◆ **Your goal**:
The data below holds a line containing "x (r *\<^sub>R" and a line containing "by (simp add: cinner_def mult_ac)"; please quote exactly those two lines and every line between them, and nothing else.

Saved data entries:
*****

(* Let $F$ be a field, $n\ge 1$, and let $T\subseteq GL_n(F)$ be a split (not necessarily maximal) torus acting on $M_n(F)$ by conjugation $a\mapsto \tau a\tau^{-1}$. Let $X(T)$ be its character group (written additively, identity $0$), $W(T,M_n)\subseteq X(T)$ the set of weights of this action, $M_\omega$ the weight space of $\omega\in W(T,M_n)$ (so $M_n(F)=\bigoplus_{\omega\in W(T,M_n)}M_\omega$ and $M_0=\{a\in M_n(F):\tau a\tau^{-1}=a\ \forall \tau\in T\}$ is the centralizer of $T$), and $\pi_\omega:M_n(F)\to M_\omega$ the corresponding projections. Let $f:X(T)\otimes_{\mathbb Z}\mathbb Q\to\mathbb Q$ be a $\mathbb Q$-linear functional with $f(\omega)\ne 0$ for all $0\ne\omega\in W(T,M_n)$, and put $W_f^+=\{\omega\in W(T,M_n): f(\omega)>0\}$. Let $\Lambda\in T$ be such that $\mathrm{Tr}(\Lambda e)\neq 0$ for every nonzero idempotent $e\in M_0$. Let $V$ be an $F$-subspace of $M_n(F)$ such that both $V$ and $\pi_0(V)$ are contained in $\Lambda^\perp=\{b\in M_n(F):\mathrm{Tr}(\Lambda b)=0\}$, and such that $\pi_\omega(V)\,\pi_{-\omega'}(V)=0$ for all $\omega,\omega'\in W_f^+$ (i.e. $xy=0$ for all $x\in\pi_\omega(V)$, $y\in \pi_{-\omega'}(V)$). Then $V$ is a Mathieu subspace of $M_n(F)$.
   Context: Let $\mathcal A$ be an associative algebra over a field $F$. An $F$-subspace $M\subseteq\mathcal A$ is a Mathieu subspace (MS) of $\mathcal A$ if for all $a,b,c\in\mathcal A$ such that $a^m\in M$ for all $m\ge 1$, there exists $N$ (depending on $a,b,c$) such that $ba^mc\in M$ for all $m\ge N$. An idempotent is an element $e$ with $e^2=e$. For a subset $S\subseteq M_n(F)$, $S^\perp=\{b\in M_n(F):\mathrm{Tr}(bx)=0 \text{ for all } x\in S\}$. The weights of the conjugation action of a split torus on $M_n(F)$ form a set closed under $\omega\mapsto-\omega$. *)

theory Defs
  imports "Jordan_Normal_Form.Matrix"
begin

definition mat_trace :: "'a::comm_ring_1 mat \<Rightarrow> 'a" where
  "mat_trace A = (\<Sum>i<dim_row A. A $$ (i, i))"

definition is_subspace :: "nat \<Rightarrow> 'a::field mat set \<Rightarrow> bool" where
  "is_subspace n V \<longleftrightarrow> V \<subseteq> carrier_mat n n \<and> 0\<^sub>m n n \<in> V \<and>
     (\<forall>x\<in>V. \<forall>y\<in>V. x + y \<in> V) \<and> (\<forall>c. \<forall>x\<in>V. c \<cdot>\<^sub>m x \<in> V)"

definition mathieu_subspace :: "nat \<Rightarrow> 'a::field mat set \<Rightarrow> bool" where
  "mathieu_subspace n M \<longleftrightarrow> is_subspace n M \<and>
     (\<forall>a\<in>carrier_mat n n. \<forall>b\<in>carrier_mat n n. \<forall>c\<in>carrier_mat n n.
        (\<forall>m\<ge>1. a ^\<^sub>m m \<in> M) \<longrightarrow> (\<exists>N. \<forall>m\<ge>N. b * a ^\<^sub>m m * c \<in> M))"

*****

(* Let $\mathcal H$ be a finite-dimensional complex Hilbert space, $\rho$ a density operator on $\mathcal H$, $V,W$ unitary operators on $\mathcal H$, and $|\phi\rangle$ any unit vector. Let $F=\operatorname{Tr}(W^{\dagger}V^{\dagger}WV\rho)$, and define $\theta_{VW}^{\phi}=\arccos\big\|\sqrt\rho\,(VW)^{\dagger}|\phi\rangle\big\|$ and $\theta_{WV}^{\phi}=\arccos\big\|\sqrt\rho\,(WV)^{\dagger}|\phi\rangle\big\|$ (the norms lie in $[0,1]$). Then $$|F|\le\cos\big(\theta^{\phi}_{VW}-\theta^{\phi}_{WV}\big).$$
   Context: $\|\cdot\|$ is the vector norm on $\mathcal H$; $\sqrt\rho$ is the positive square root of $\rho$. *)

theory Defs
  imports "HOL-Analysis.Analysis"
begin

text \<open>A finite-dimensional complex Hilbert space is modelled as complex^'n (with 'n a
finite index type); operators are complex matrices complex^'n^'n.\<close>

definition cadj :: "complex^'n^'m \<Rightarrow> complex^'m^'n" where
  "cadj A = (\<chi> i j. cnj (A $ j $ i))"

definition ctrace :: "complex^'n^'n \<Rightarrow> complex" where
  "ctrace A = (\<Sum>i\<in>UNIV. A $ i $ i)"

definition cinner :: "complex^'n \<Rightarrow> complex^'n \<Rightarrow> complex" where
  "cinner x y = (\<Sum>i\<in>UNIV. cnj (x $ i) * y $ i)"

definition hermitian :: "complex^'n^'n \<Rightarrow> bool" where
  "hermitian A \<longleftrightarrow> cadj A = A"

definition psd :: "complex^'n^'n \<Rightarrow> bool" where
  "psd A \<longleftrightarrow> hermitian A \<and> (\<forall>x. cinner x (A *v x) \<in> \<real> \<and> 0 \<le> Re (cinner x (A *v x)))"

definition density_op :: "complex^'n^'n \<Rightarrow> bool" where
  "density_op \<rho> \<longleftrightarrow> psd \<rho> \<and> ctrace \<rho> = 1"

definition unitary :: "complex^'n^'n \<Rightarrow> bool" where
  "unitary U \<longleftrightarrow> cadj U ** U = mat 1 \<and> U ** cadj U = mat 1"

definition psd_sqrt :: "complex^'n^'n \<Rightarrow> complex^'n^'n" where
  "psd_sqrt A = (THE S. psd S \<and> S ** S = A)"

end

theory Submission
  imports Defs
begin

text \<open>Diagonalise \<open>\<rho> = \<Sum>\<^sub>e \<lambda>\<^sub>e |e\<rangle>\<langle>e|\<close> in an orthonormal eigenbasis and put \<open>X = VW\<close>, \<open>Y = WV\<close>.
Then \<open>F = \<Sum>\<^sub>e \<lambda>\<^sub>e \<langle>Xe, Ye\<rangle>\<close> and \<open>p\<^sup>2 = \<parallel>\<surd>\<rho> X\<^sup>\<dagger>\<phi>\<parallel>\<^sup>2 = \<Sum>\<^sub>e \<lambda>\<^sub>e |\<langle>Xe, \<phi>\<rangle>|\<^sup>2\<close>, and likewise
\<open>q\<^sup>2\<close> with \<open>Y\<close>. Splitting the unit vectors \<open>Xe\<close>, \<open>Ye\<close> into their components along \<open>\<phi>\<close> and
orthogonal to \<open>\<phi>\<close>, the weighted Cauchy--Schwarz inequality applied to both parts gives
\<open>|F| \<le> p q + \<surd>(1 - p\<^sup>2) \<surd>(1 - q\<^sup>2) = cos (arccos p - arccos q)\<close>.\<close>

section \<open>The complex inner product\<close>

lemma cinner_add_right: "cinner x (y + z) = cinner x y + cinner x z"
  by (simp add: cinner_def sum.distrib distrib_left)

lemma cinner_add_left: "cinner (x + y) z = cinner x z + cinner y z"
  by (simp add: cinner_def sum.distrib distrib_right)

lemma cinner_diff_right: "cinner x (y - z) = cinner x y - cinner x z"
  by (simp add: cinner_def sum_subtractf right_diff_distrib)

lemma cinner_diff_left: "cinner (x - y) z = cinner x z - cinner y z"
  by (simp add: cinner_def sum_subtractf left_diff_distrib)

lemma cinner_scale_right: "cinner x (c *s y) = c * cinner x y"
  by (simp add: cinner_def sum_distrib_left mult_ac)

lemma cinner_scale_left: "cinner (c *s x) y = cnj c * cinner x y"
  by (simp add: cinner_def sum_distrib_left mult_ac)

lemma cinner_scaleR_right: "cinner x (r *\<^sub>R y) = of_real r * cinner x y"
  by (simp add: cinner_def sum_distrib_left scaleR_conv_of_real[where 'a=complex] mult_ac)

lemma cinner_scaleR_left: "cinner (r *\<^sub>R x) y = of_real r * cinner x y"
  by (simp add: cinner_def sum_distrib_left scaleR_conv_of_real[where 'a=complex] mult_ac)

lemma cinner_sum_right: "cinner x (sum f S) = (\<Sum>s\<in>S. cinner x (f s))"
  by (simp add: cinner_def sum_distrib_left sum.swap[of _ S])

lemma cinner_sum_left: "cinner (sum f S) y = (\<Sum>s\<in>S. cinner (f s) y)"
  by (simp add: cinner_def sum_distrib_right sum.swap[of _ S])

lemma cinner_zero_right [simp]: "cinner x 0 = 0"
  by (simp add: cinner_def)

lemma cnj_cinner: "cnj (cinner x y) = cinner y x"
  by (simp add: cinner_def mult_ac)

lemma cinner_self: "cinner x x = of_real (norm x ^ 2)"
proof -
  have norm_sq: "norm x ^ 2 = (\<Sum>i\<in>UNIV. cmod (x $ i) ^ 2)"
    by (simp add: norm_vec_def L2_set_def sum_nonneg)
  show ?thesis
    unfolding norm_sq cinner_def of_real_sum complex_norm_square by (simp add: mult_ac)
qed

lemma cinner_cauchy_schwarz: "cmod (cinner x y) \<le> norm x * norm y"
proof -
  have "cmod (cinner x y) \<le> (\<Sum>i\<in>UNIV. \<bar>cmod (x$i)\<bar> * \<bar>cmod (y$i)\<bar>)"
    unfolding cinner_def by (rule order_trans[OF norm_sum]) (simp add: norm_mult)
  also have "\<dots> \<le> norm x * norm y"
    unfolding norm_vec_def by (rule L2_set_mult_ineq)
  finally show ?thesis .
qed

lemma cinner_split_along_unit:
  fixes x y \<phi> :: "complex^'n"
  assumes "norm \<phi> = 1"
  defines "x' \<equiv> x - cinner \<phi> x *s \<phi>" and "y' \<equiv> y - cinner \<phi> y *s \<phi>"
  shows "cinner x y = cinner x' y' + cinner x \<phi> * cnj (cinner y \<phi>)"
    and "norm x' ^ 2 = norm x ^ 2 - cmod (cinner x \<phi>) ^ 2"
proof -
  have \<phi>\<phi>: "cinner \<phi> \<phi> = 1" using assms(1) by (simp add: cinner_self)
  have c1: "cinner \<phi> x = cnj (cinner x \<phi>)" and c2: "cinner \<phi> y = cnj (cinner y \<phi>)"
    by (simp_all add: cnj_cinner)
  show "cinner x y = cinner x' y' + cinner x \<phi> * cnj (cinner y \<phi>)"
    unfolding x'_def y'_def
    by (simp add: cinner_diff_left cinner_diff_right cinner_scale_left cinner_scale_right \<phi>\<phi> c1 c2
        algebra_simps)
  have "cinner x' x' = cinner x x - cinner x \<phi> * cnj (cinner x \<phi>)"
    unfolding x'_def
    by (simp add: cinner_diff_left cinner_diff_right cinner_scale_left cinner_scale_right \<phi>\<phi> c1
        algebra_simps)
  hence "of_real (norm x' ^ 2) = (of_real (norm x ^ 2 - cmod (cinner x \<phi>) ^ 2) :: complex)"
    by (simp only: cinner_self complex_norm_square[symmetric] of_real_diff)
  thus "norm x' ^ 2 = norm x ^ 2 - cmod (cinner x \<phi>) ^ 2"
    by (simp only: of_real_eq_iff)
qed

*****

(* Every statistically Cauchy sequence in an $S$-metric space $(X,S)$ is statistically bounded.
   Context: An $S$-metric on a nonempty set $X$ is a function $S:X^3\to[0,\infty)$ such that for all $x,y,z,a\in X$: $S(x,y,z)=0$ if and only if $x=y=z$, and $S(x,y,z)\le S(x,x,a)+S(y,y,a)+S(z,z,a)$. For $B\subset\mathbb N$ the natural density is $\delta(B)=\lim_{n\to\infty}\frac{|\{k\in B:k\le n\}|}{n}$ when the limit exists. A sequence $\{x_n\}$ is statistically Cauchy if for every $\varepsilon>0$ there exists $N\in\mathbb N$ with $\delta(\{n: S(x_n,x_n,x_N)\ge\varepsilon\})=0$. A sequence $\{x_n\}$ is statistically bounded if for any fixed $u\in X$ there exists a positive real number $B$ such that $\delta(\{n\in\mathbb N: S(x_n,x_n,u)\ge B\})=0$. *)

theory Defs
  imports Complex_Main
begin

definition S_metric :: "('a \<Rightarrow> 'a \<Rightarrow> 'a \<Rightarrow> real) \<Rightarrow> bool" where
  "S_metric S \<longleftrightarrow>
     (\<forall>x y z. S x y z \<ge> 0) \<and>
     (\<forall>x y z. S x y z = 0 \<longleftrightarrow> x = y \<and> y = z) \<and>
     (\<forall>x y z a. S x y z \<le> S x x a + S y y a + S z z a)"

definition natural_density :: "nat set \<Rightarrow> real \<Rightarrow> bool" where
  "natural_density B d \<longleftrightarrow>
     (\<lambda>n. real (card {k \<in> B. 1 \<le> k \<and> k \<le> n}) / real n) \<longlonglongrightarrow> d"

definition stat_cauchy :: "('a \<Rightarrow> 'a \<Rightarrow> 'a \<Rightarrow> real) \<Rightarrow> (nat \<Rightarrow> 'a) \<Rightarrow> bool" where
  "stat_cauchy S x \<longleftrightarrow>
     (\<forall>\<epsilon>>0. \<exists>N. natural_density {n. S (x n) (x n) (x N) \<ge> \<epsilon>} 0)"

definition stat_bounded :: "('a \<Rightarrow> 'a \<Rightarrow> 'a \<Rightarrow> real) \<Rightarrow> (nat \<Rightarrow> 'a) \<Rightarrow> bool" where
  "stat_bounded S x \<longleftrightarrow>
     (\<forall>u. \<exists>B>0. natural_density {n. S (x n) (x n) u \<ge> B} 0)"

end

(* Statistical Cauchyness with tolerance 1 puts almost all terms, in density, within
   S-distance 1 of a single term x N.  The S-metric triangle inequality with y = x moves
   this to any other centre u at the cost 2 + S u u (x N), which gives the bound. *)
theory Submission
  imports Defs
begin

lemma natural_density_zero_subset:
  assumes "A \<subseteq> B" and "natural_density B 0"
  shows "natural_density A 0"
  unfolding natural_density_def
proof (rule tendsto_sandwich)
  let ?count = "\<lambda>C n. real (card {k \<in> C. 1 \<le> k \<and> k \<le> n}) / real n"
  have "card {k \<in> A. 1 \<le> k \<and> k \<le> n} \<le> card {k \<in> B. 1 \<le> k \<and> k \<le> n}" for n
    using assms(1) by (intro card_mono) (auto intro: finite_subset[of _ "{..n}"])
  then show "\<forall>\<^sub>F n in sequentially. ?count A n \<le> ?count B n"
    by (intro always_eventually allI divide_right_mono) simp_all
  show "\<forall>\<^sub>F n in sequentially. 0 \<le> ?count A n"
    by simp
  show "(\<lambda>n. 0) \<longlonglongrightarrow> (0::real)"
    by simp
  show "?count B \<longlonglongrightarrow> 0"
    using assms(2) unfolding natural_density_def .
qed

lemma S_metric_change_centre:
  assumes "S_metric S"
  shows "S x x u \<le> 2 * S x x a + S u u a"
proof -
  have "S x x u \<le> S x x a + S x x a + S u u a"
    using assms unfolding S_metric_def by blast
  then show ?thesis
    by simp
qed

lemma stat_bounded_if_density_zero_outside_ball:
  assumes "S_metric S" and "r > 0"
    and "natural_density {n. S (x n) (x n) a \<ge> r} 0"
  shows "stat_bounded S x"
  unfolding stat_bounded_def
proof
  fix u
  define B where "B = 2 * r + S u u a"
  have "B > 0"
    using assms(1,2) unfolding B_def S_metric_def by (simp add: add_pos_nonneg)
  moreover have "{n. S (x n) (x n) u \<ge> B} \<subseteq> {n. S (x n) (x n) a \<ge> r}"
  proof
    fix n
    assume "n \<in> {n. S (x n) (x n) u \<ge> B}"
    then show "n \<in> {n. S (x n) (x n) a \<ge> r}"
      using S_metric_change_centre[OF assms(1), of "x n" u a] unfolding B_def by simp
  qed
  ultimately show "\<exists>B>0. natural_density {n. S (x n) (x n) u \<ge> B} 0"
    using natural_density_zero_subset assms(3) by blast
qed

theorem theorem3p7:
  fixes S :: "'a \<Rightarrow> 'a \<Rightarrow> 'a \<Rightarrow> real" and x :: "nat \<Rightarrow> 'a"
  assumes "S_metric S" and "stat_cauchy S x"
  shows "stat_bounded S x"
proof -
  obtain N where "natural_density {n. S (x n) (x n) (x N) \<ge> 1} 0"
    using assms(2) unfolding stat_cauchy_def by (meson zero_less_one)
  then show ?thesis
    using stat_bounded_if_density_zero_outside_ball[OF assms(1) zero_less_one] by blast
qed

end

*****

◆ **Result of the task**:
lemma cinner_scaleR_right: "cinner x (r *\<^sub>R y) = of_real r * cinner x y"
  by (simp add: cinner_def sum_distrib_left scaleR_conv_of_real[where 'a=complex] mult_ac)

lemma cinner_scaleR_left: "cinner (r *\<^sub>R x) y = of_real r * cinner x y"
  by (simp add: cinner_def sum_distrib_left scaleR_conv_of_real[where 'a=complex] mult_ac)

lemma cinner_sum_right: "cinner x (sum f S) = (\<Sum>s\<in>S. cinner x (f s))"
  by (simp add: cinner_def sum_distrib_left sum.swap[of _ S])

lemma cinner_sum_left: "cinner (sum f S) y = (\<Sum>s\<in>S. cinner (f s) y)"
  by (simp add: cinner_def sum_distrib_right sum.swap[of _ S])

lemma cinner_zero_right [simp]: "cinner x 0 = 0"
  by (simp add: cinner_def)

lemma cnj_cinner: "cnj (cinner x y) = cinner y x"
  by (simp add: cinner_def mult_ac)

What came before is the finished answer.